I had no trouble bonding with Jonathon as we had become quite good friends before he was born. I had spent the 10 days prior to his birth in hospital constantly talking to him and trying to pass on the will to live. I felt that my body had let him down but my spirit was going to fight for him. I like to think that this gave him an edge.
Jonathon suffered the usual apnoea and brady episodes throughout his stay but I was never overly concerned as the doctors always seemed to be in control and these were to be expected for a premmie of his size.
Jonathon had 3 courses of antibiotics for infections. At first I was concerned as the doctor had told us this would be their main problem but Jonathon always responded well and I must admit to me he never really looked sickly. The main infection he had was from the umbilical catheter inserted on Day 3. The doctors had explained that there would be risks with this but felt the benefits at the time would outweigh the risks. As they were very aware of possible infection they were right on top of things when it occurred. On Day 51 he had a Score 5 so was again commenced on antibiotics. On Day 91 he brought up his feed during the night and breathed some into his lungs. They x-rayed his chest and commenced antibiotics through a drip in a vein in his head. I was surprised to find, though, that his oxygen level had gone down when I saw him so he wasn’t too affected by the incident.
On Day 60 x-rays revealed flared ribs so Jonathon was commenced on Calcitrol for rickets. He now has a pigeon chest but as he gets fatter it is becoming less noticeable.
Jonathon ended up needing 8 blood transfusions in all with his initial transfusion being a whole 6mls. His last transfusion was just 12 days prior to coming home and this followed on after he had two hernias in his groin operated on. It was distressing to think that after everything he had been through he still had to undergo an operation for these. He went back into ICN for 24 hours to be ventilated. When he returned to Special Care I he was finally on oxygen.
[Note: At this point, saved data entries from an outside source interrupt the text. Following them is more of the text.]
lemma wedge_one_form_wedge:
  assumes "length xs = Suc (k + l)"
  shows "wedge 1 (k + l) (one_form \<xi>) (wedge k l \<alpha> \<beta>) xs
    = alternation (Suc (k + l)) (\<lambda>ys. \<xi> (hd ys) * \<alpha> (take k (tl ys)) * \<beta> (drop k (tl ys))) xs
      / (fact k * fact l)"
proof -
  let ?G = "\<lambda>zs. \<alpha> (take k zs) * \<beta> (drop k zs)"
  let ?c = "inverse (fact k * fact l) :: real"
  have len: "length xs = 1 + (k + l)"
    using assms by simp
  have "wedge 1 (k + l) (one_form \<xi>) (wedge k l \<alpha> \<beta>) xs
      = alternation (1 + (k + l)) (\<lambda>ys. one_form \<xi> (take 1 ys) * wedge k l \<alpha> \<beta> (drop 1 ys)) xs
        / fact (k + l)"
    using wedge_eq_alternation[OF len, of "one_form \<xi>" "wedge k l \<alpha> \<beta>"] by simp
  also have "alternation (1 + (k + l)) (\<lambda>ys. one_form \<xi> (take 1 ys) * wedge k l \<alpha> \<beta> (drop 1 ys)) xs
      = alternation (1 + (k + l))
          (\<lambda>ys. ?c * (one_form \<xi> (take 1 ys) * alternation (k + l) ?G (drop 1 ys))) xs"
    using len by (intro alternation_cong) (simp_all add: wedge_eq_alternation divide_inverse mult_ac)
  also have "\<dots> = ?c * (fact (k + l)
      * alternation (1 + (k + l)) (\<lambda>ys. one_form \<xi> (take 1 ys) * ?G (drop 1 ys)) xs)"
    by (simp only: alternation_scale alternation_drop_alternation[OF len])
  also have "alternation (1 + (k + l)) (\<lambda>ys. one_form \<xi> (take 1 ys) * ?G (drop 1 ys)) xs
      = alternation (Suc (k + l)) (\<lambda>ys. \<xi> (hd ys) * \<alpha> (take k (tl ys)) * \<beta> (drop k (tl ys))) xs"
    unfolding plus_1_eq_Suc using assms
    by (intro alternation_cong) (auto simp: one_form_def take_Suc drop_Suc neq_Nil_conv)
  finally show ?thesis
    by (simp add: divide_inverse)
qed

lemma wedge_commute:
  "wedge k l \<alpha> \<beta> xs = of_int (sign (block_swap k l)) * wedge l k \<beta> \<alpha> xs"
proof (cases "length xs = k + l")
  case False
  then show ?thesis by (simp add: wedge_def add.commute)
next
  case True
  have "alternation (k + l) (\<lambda>ys. \<alpha> (take k ys) * \<beta> (drop k ys)) xs
      = alternation (k + l) (\<lambda>ys. \<beta> (take l (permute_list (block_swap k l) ys))
          * \<alpha> (drop l (permute_list (block_swap k l) ys))) xs"
    using True by (intro alternation_cong) (simp_all add: permute_list_block_swap)
  also have "\<dots> = of_int (sign (block_swap k l)) * alternation (k + l) (\<lambda>ys. \<beta> (take l ys) * \<alpha> (drop l ys)) xs"
    using True by (rule alternation_comp_permute_list[OF block_swap_permutes])
  finally show ?thesis
    using True by (simp add: wedge_eq_alternation add.commute mult.commute)
qed

lemma wedge_scale_right: "wedge k l \<alpha> (\<lambda>xs. c * \<beta> xs) xs = c * wedge k l \<alpha> \<beta> xs"
  by (simp add: wedge_def sum_distrib_left mult_ac)

subsection \<open>Pullbacks to a product\<close>

lemma linear_hd_times_tl_update:
  assumes "alt_form n \<theta>" "linear \<alpha>" "length ws = Suc n" "j < Suc n"
  shows "linear (\<lambda>v. \<alpha> (hd (ws[j := v])) * \<theta> (tl (ws[j := v])))"
proof -
  obtain w ws' where ws: "ws = w # ws'" and ws': "length ws' = n"
    using assms(3) by (cases ws) auto
  show ?thesis
  proof (cases j)
    case 0
    then show ?thesis
      using linear_compose[OF assms(2) linear_times[of "\<theta> ws'"]] by (simp add: ws o_def mult.commute)
  next
    case (Suc i)
    then show ?thesis
      using linear_compose[OF alt_form_linear[OF assms(1) ws', of i] linear_times[of "\<alpha> w"]] assms(4)
      by (simp add: ws o_def)
  qed
qed
(* Let $N=\{1,2,\dots,n\}$ be a set of players and let $v:2^N\to\mathbb{R}$ be a monotonic characteristic function with $v(\emptyset)=0$, the grand coalition having value $v(N)$. Let $x=(x_1,\dots,x_n)$ be a payoff vector, where the players are indexed so that $x_1\le x_2\le\dots\le x_n$, and let $(\phi_1,\dots,\phi_n)$ be the Shapley values of the players with the same indices; assume $\phi_n>0$. Then $x$ is both stable and proportional if and only if for every $i\in\{1,\dots,n\}$, $$x_i=\phi_i\,\frac{v(N)}{\phi_n}\qquad\text{and}\qquad \phi_i\,\frac{v(N)}{\phi_n}\;\ge\; v(\{1,2,\dots,i\}).$$
   Context: A characteristic function $v:2^N\to\mathbb{R}$ assigns a value $v(C)$ to each coalition $C\subseteq N$; it is monotonic if $C\subseteq C'$ implies $v(C)\le v(C')$. When the grand coalition $N$ forms, a payoff vector is a vector $x=(x_1,\dots,x_n)\in\mathbb{R}^n$ with $x_i\le v(N)$ for every player $i$ (each player individually receives at most $v(N)$; the sum of payoffs is not restricted). A payoff vector $x$ is stable if for every nonempty coalition $C\subseteq N$ there exists $k\in C$ with $x_k\ge v(C)$. The Shapley value of player $i$ is $$\phi_i=\sum_{S\subseteq N\setminus\{i\}}\frac{|S|!\,(n-|S|-1)!}{n!}\big(v(S\cup\{i\})-v(S)\big).$$ A payoff vector $x$ is proportional if there exists a constant $\alpha>0$ with $x_i=\alpha\phi_i$ for all $i$. *)

theory Defs
  imports Complex_Main
begin

text \<open>Players are N = {1..n}; a characteristic function is v :: nat set \<Rightarrow> real
  (only its values on subsets of N matter). Payoff vectors are x :: nat \<Rightarrow> real
  (only the values at players in N matter).\<close>

definition monotonic_game :: "nat set \<Rightarrow> (nat set \<Rightarrow> real) \<Rightarrow> bool" where
  "monotonic_game N v \<longleftrightarrow> (\<forall>C C'. C \<subseteq> C' \<and> C' \<subseteq> N \<longrightarrow> v C \<le> v C')"

definition payoff_vector :: "nat set \<Rightarrow> (nat set \<Rightarrow> real) \<Rightarrow> (nat \<Rightarrow> real) \<Rightarrow> bool" where
  "payoff_vector N v x \<longleftrightarrow> (\<forall>i\<in>N. x i \<le> v N)"

definition stable :: "nat set \<Rightarrow> (nat set \<Rightarrow> real) \<Rightarrow> (nat \<Rightarrow> real) \<Rightarrow> bool" where
  "stable N v x \<longleftrightarrow> (\<forall>C. C \<subseteq> N \<and> C \<noteq> {} \<longrightarrow> (\<exists>k\<in>C. x k \<ge> v C))"

definition shapley :: "nat set \<Rightarrow> (nat set \<Rightarrow> real) \<Rightarrow> nat \<Rightarrow> real" where
  "shapley N v i = (\<Sum>S\<in>Pow (N - {i}).
      (fact (card S) * fact (card N - card S - 1) / fact (card N)) * (v (S \<union> {i}) - v S))"

definition proportional :: "nat set \<Rightarrow> (nat set \<Rightarrow> real) \<Rightarrow> (nat \<Rightarrow> real) \<Rightarrow> bool" where
  "proportional N v x \<longleftrightarrow> (\<exists>\<alpha>>0. \<forall>i\<in>N. x i = \<alpha> * shapley N v i)"

end

theory Submission
  imports Defs
begin

text \<open>With payoffs sorted increasingly, stability reduces to the conditions
  \<open>x\<^sub>i \<ge> v {1..i}\<close> on initial segments: every coalition \<open>C\<close> lies in \<open>{1..max C}\<close>,
  and \<open>v\<close> is monotonic. Stability on the grand coalition together with \<open>x\<^sub>i \<le> v N\<close>
  forces \<open>x\<^sub>n = v N\<close>, which pins the proportionality constant down to \<open>v N / \<phi>\<^sub>n\<close>;
  conversely this constant is positive because \<open>\<phi>\<^sub>n > 0\<close> excludes \<open>v N = 0\<close>.\<close>

lemma stable_imp_initial_segment_bound:
  assumes "stable {1..n} v x" "mono_on {1..n} x" "i \<in> {1..n}"
  shows "v {1..i} \<le> x i"
proof -
  have "{1..i} \<subseteq> {1..n}" "{1..i} \<noteq> {}" using assms(3) by auto
  then obtain j where j: "j \<in> {1..i}" "v {1..i} \<le> x j"
    using assms(1) unfolding stable_def by blast
  have "x j \<le> x i" using j(1) assms(3) by (auto intro: mono_onD[OF assms(2)])
  with j(2) show ?thesis by linarith
qed

lemma stable_if_initial_segment_bounds:
  assumes mono: "monotonic_game {1..n} v" and bound: "\<forall>i\<in>{1..n}. v {1..i} \<le> x i"
  shows "stable {1..n} v x"
  unfolding stable_def
proof (intro allI impI)
  fix C assume C: "C \<subseteq> {1..n} \<and> C \<noteq> {}"
  then have "finite C" using finite_subset by blast
  define m where "m = Max C"
  have "m \<in> C" "C \<subseteq> {1..m}" using C \<open>finite C\<close> by (auto simp: m_def)
  then have "v C \<le> v {1..m}" using mono C unfolding monotonic_game_def by auto
  also have "\<dots> \<le> x m" using bound \<open>m \<in> C\<close> C by auto
  finally show "\<exists>k\<in>C. v C \<le> x k" using \<open>m \<in> C\<close> by blast
qed

lemma stable_payoff_vector_attains_grand_value:
  assumes "stable N v x" "payoff_vector N v x" "N \<noteq> {}"
  obtains k where "k \<in> N" "x k = v N"
proof -
  obtain k where "k \<in> N" "v N \<le> x k" using assms(1,3) unfolding stable_def by blast
  moreover have "x k \<le> v N" using assms(2) \<open>k \<in> N\<close> unfolding payoff_vector_def by blast
  ultimately show ?thesis using that by simp
qed

lemma proportional_constant:
  assumes "proportional N v x" "j \<in> N" "shapley N v j \<noteq> 0"
  shows "\<forall>i\<in>N. x i = shapley N v i * (x j / shapley N v j)"
proof -
  obtain \<alpha> where \<alpha>: "\<forall>i\<in>N. x i = \<alpha> * shapley N v i"
    using assms(1) unfolding proportional_def by blast
  then have "\<alpha> = x j / shapley N v j" using assms(2,3) by (simp add: field_simps)
  with \<alpha> show ?thesis by simp
qed

lemma shapley_null_game:
  assumes null: "\<And>S. S \<subseteq> N \<Longrightarrow> v S = 0" and i: "i \<in> N"
  shows "shapley N v i = 0"
proof -
  have "v (S \<union> {i}) = 0" "v S = 0" if "S \<subseteq> N - {i}" for S
    using null[of "S \<union> {i}"] null[of S] i that by auto
  then show ?thesis unfolding shapley_def by (intro sum.neutral) auto
qed

lemma monotonic_game_grand_value_pos:
  assumes mono: "monotonic_game N v" and empty: "v {} = 0"
    and i: "i \<in> N" and pos: "shapley N v i > 0"
  shows "v N > 0"
proof (rule ccontr)
  assume "\<not> v N > 0"
  moreover have "v {} \<le> v S" "v S \<le> v N" if "S \<subseteq> N" for S
    using mono that unfolding monotonic_game_def by auto
  ultimately have "v S = 0" if "S \<subseteq> N" for S
    using that empty by (metis order.antisym order.trans empty_subsetI not_less)
  then have "shapley N v i = 0" using shapley_null_game i by blast
  with pos show False by simp
qed

theorem theorem6:
  fixes n :: nat and v :: "nat set \<Rightarrow> real" and x :: "nat \<Rightarrow> real"
  assumes n: "n \<ge> 1"
    and mono: "monotonic_game {1..n} v"
    and empty: "v {} = 0"
    and payoff: "payoff_vector {1..n} v x"
    and sorted: "\<And>i j. 1 \<le> i \<Longrightarrow> i \<le> j \<Longrightarrow> j \<le> n \<Longrightarrow> x i \<le> x j"
    and phin: "shapley {1..n} v n > 0"
  shows "(stable {1..n} v x \<and> proportional {1..n} v x) \<longleftrightarrow>
    (\<forall>i\<in>{1..n}. x i = shapley {1..n} v i * (v {1..n} / shapley {1..n} v n)
       \<and> shapley {1..n} v i * (v {1..n} / shapley {1..n} v n) \<ge> v {1..i})"
proof -
  let ?c = "v {1..n} / shapley {1..n} v n"
  have nN: "n \<in> {1..n}" using n by simp
  have x_mono: "mono_on {1..n} x" using sorted by (auto intro: mono_onI)
  show ?thesis
  proof
    assume stab: "stable {1..n} v x \<and> proportional {1..n} v x"
    then obtain k where k: "k \<in> {1..n}" "x k = v {1..n}"
      using payoff nN stable_payoff_vector_attains_grand_value by blast
    moreover have "x k \<le> x n" "x n \<le> v {1..n}"
      using sorted[of k n] k(1) payoff nN unfolding payoff_vector_def by auto
    ultimately have "x n = v {1..n}" by linarith
    then have "\<forall>i\<in>{1..n}. x i = shapley {1..n} v i * ?c"
      using proportional_constant[of _ v x n] stab nN phin by simp
    then show "\<forall>i\<in>{1..n}. x i = shapley {1..n} v i * ?c \<and> shapley {1..n} v i * ?c \<ge> v {1..i}"
      using stable_imp_initial_segment_bound stab x_mono by fastforce
  next
    assume H: "\<forall>i\<in>{1..n}. x i = shapley {1..n} v i * ?c \<and> shapley {1..n} v i * ?c \<ge> v {1..i}"
    then have "stable {1..n} v x" using stable_if_initial_segment_bounds[OF mono] by simp
    moreover have "?c > 0" using monotonic_game_grand_value_pos[OF mono empty nN phin] phin by simp
    ultimately show "stable {1..n} v x \<and> proportional {1..n} v x"
      using H unfolding proportional_def by (metis mult.commute)
  qed
qed

end
text \<open>Reversing rows and columns exchanges the two blocks of rows.\<close>

lemma det_jt_matrix_swap:
  fixes x y :: "int \<Rightarrow> 'a::comm_ring_1"
  shows "det (jt_matrix x y \<nu> \<mu>) = det (jt_matrix y x \<mu> \<nu>)"
proof -
  define n where "n = length \<mu> + length \<nu>"
  define A where "A = jt_matrix x y \<nu> \<mu>"
  have "jt_matrix y x \<mu> \<nu> = mat n n (\<lambda>(i,j). A $$ (n-1-i, n-1-j))"
    unfolding A_def jt_matrix_def Let_def part_len_def n_def
    by (intro eq_matI) (auto simp: of_nat_diff algebra_simps)
  moreover have "A = mat n n (\<lambda>(i,j). A $$ (i,j))"
    by (intro eq_matI) (simp_all add: A_def jt_matrix_def Let_def part_len_def n_def)
  ultimately show ?thesis
    using det_mat_reverse[of n "\<lambda>i j. A $$ (i,j)"] by (simp add: A_def)
qed

lemma jt_matrix_padded_eq:
  fixes x y :: "int \<Rightarrow> 'a::comm_ring_1"
  assumes "\<forall>m\<in>set \<mu>. m \<le> Q" "length \<nu> \<le> Q"
  shows "jt_matrix x y (\<nu> @ replicate (Q - length \<nu>) 0) \<mu> = mat (length \<mu> + Q) (length \<mu> + Q) (\<lambda>(i,j).
           if i < Q then x (int (nth_default 0 \<nu> (Q-1-i) + i) - int j)
           else y (int j - int (Q + (i-Q) - nth_default 0 \<mu> (i-Q))))"
    (is "_ = ?M")
proof (rule eq_matI)
  fix i j assume ij: "i < dim_row ?M" "j < dim_col ?M"
  have "nth_default 0 \<mu> (i - Q) \<le> i" if "\<not> i < Q"
    using nth_default_le[OF assms(1), of "i - Q"] that by simp
  then show "jt_matrix x y (\<nu> @ replicate (Q - length \<nu>) 0) \<mu> $$ (i,j) = ?M $$ (i,j)"
    using ij assms(2)
    by (auto simp: jt_matrix_def Let_def part_len_def nth_default_def nth_append of_nat_diff algebra_simps)
qed (use assms(2) in \<open>simp_all add: jt_matrix_def Let_def part_len_def\<close>)

lemma minus_one_power_sum_complement:
  assumes "\<forall>m\<in>set \<mu>. m \<le> Q"
  shows "(-1::'a::comm_ring_1)^(length \<mu> * Q + (\<Sum>i<length \<mu>. Q + i - nth_default 0 \<mu> i - i))
       = (-1)^sum_list \<mu>"
proof -
  define E where "E = length \<mu> * Q + (\<Sum>i<length \<mu>. Q + i - nth_default 0 \<mu> i - i)"
  have "Q + i - nth_default 0 \<mu> i - i + nth_default 0 \<mu> i = Q" for i
    using nth_default_le[OF assms, of i] by simp
  then have "E + sum_list \<mu> = 2 * (length \<mu> * Q)"
    using sum_list_eq_sum_nth_default[of \<mu> "length \<mu>"] by (simp add: E_def flip: sum.distrib)
  then have "even (E + sum_list \<mu>)"
    by simp
  then show ?thesis
    unfolding E_def[symmetric] by (auto simp: minus_one_power_iff)
qed

lemma det_jt_matrix_eq_minor:
  fixes x y z :: "int \<Rightarrow> 'a::comm_ring_1"
  assumes x: "x 0 = 1" "\<And>i. i < 0 \<Longrightarrow> x i = 0"
    and y: "\<And>i. i < 0 \<Longrightarrow> y i = 0" and z: "z 0 = 1" "\<And>i. i < 0 \<Longrightarrow> z i = 0"
    and yz: "gen_fps y * gen_fps z = 1"
    and dual: "dual_pair \<mu> \<kappa>"
    and Q: "Q = length \<nu> + length \<kappa>"
  shows "det (jt_matrix x y \<nu> \<mu>) = (-1)^sum_list \<mu> * det (mat Q Q (\<lambda>(i,j).
           toeplitz_prod x z (nth_default 0 \<nu> (Q-1-i) + i) (nth_default 0 \<kappa> (Q-1-j) + j)))"
proof -
  define P where "P = length \<mu>"
  define c where "c i = Q + i - nth_default 0 \<mu> i" for i
  define d where "d j = nth_default 0 \<kappa> (Q-1-j) + j" for j
  have \<mu>_dec: "nth_default 0 \<mu> j \<le> nth_default 0 \<mu> i" if "i \<le> j" for i j
    using dual that by (simp add: dual_pair_def antimono_def)
  have \<kappa>_dec: "nth_default 0 \<kappa> j \<le> nth_default 0 \<kappa> i" if "i \<le> j" for i j
    using dual that by (simp add: dual_pair_def antimono_def)
  have \<mu>_parts: "\<forall>m\<in>set \<mu>. m \<le> Q"
    using dual unfolding dual_pair_def Q by (meson trans_le_add2)
  have \<kappa>_parts: "\<forall>m\<in>set \<kappa>. m \<le> P"
    using dual by (simp add: dual_pair_def P_def)
  have "det (jt_matrix x y \<nu> \<mu>) = det (jt_matrix x y (\<nu> @ replicate (Q - length \<nu>) 0) \<mu>)"
    by (rule det_jt_matrix_append_zeros[where x=x and y=y, OF x, symmetric])
  also have "jt_matrix x y (\<nu> @ replicate (Q - length \<nu>) 0) \<mu> = mat (P+Q) (P+Q) (\<lambda>(i,j).
      if i < Q then x (int (nth_default 0 \<nu> (Q-1-i) + i) - int j) else y (int j - int (c (i-Q))))"
    unfolding P_def c_def by (rule jt_matrix_padded_eq) (use \<mu>_parts in \<open>simp_all add: Q\<close>)
  also have "det \<dots> = (-1)^(P*Q + (\<Sum>i<P. c i - i)) * det (mat Q Q (\<lambda>(i,j).
      toeplitz_prod x z (nth_default 0 \<nu> (Q-1-i) + i) (d j)))"
  proof (rule det_toeplitz_rows_eq_minor[OF x(2) y z yz])
    show "c i < c j" if "i < j" "j < P" for i j
      using that \<mu>_dec[of i j] nth_default_le[OF \<mu>_parts, of i] by (simp add: c_def)
    show "d i < d j" if "i < j" "j < Q" for i j
      using that \<kappa>_dec[of "Q-1-j" "Q-1-i"] by (simp add: d_def add_le_less_mono)
    show "c i \<noteq> d j" if "i < P" "j < Q" for i j
    proof -
      have "nth_default 0 \<mu> i + nth_default 0 \<kappa> (Q-1-j) \<noteq> i + (Q-1-j) + 1"
        using dual by (simp add: dual_pair_def)
      then show ?thesis
        using that nth_default_le[OF \<mu>_parts, of i] by (simp add: c_def d_def)
    qed
    show "c i < P + Q" if "i < P" for i
      using that by (simp add: c_def)
    show "d j < P + Q" if "j < Q" for j
      using that nth_default_le[OF \<kappa>_parts, of "Q-1-j"] by (simp add: d_def)
  qed
  also have "(-1::'a)^(P*Q + (\<Sum>i<P. c i - i)) = (-1)^sum_list \<mu>"
    unfolding P_def c_def by (rule minus_one_power_sum_complement[OF \<mu>_parts])
  finally show ?thesis
    by (simp add: d_def)
qed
Jonathon was in hospital for 137 days. He was 8 weeks past his due date when he was released on 17th November, 1992 weighing 2500gms. I look back on these 19 weeks now and think of all the good times, reaching 500gms, our first cuddle, his kilo cake, his 100 day party, our first outing in the hospital pram and all the new friends I made. These help to dull the painful memories especially of leaving him behind every week after I returned home. I look back over the last 7 years and am constantly amazed at the progress Jonathon makes. He is currently in Grade 6, learns jazz, tap, singing and drama, loves performing on the stage (or anywhere else) and is determined to have his own band or dancing studio one day. He may still only be small for his age but he has a heart as big as the ocean.
I have asked the question WHY ME? But my answer is that I feel honoured and privileged to have Jonathon as my son and to have been able to watch him grow into a BABY – not many people have that chance.